At the RSA security conference in San Francisco on Tuesday, Google’s security and anti-abuse research lead Elie Bursztein will present findings on how the new deep-learning scanner for documents is faring against the 300 billion attachments it has to process each week. It’s challenging to tell the difference between legitimate documents in all their infinite variations and those that have specifically been manipulated to conceal something dangerous. Google says that 63 percent of the malicious documents it blocks each day are different than the ones its systems flagged the day before. But this is exactly the type of pattern-recognition problem where deep learning can be helpful.
Currently 56 percent of malware threats against Gmail users come from Microsoft Office documents, and 2 percent come from PDFs. In the months that it’s been active, the new scanner has increased its daily malicious Office document detection by 10 percent.
“Ten percent matters,” Bursztein told WIRED. “We’re trying to close the gap as much as possible. We want to keep adding machine learning everywhere we can, where it makes sense. Machine learning does amazing things sometimes, but sometimes it’s overhyped. We try to use it as an extra layer rather than the only layer.
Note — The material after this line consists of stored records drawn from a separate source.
(* Let $I_n$ denote the number of inversion sequences of length $n$ avoiding all of the patterns $100$, $102$, $201$, $210$ (with $I_0=1$). Then $$\sum_{n\ge0} I_n z^n=\frac{(1-4z)(1-2z)(3-2z)-(1-8z+12z^2-2z^3)\sqrt{1-4z}}{2(1-z)^2(1-4z)} = 1+z+2z^2+6z^3+21z^4+76z^5+\cdots.$$
   Context: An inversion sequence of length $n$ is an integer sequence $(a_1,\dots,a_n)$ with $0\le a_i<i$ for all $i$. A pattern is a sequence $\sigma$ of non-negative integers containing every value from $0$ to $\max(\sigma)$; the reduction of a sequence replaces its smallest values by $0$, the next smallest by $1$, etc. A sequence $a$ contains $\sigma$ if some (not necessarily consecutive) subsequence of $a$ has reduction $\sigma$; otherwise $a$ avoids $\sigma$. Equivalently, these are the inversion sequences with no $i<j<k$ such that $a_i>a_j$ and $a_i\ne a_k$. The square root is the power series with constant term $1$. *)

theory Defs
  imports Complex_Main "HOL-Library.Sublist" "HOL-Computational_Algebra.Formal_Power_Series"
begin

text \<open>Inversion sequences of length n, as 0-indexed lists: entry at position i
  (the paper's a_{i+1}) satisfies 0 \<le> a < i+1.\<close>
definition inv_seq :: "nat \<Rightarrow> nat list \<Rightarrow> bool" where
  "inv_seq n a \<longleftrightarrow> length a = n \<and> (\<forall>i<n. a ! i \<le> i)"

definition reduction :: "nat list \<Rightarrow> nat list" where
  "reduction xs = map (\<lambda>x. card {y \<in> set xs. y < x}) xs"

definition contains_pat :: "nat list \<Rightarrow> nat list \<Rightarrow> bool" where
  "contains_pat a \<sigma> \<longleftrightarrow> (\<exists>ys. subseq ys a \<and> reduction ys = \<sigma>)"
We think that works way better.”
The document analyzer looks for common red flags, probes files if they have components that may have been purposefully obfuscated, and does other checks like examining macros—the tool in Microsoft Word documents that chains commands together in a series and is often used in attacks. The volume of malicious documents that attackers send out varies widely day to day. Bursztein says that since its deployment, the document scanner has been particularly good at flagging suspicious documents sent in bursts by malicious botnets or through other mass distribution methods. He was also surprised to discover how effective the scanner is at analyzing Microsoft Excel documents, a complicated file format that can be difficult to assess.
Though a 10 percent detection increase may not sound like a lot, it’s a massive improvement at the scale Google is working on, and any gains are productive given that the threat of malicious documents is a real concern around the world. Bursztein says that companies and nonprofits are three times more likely to be targeted by malicious documents than other organizations, and that government entities are five times more likely. Some industries are more likely than others to be targeted, as well. Transportation and critical infrastructure utilities, for example, have a much higher risk than the education sector.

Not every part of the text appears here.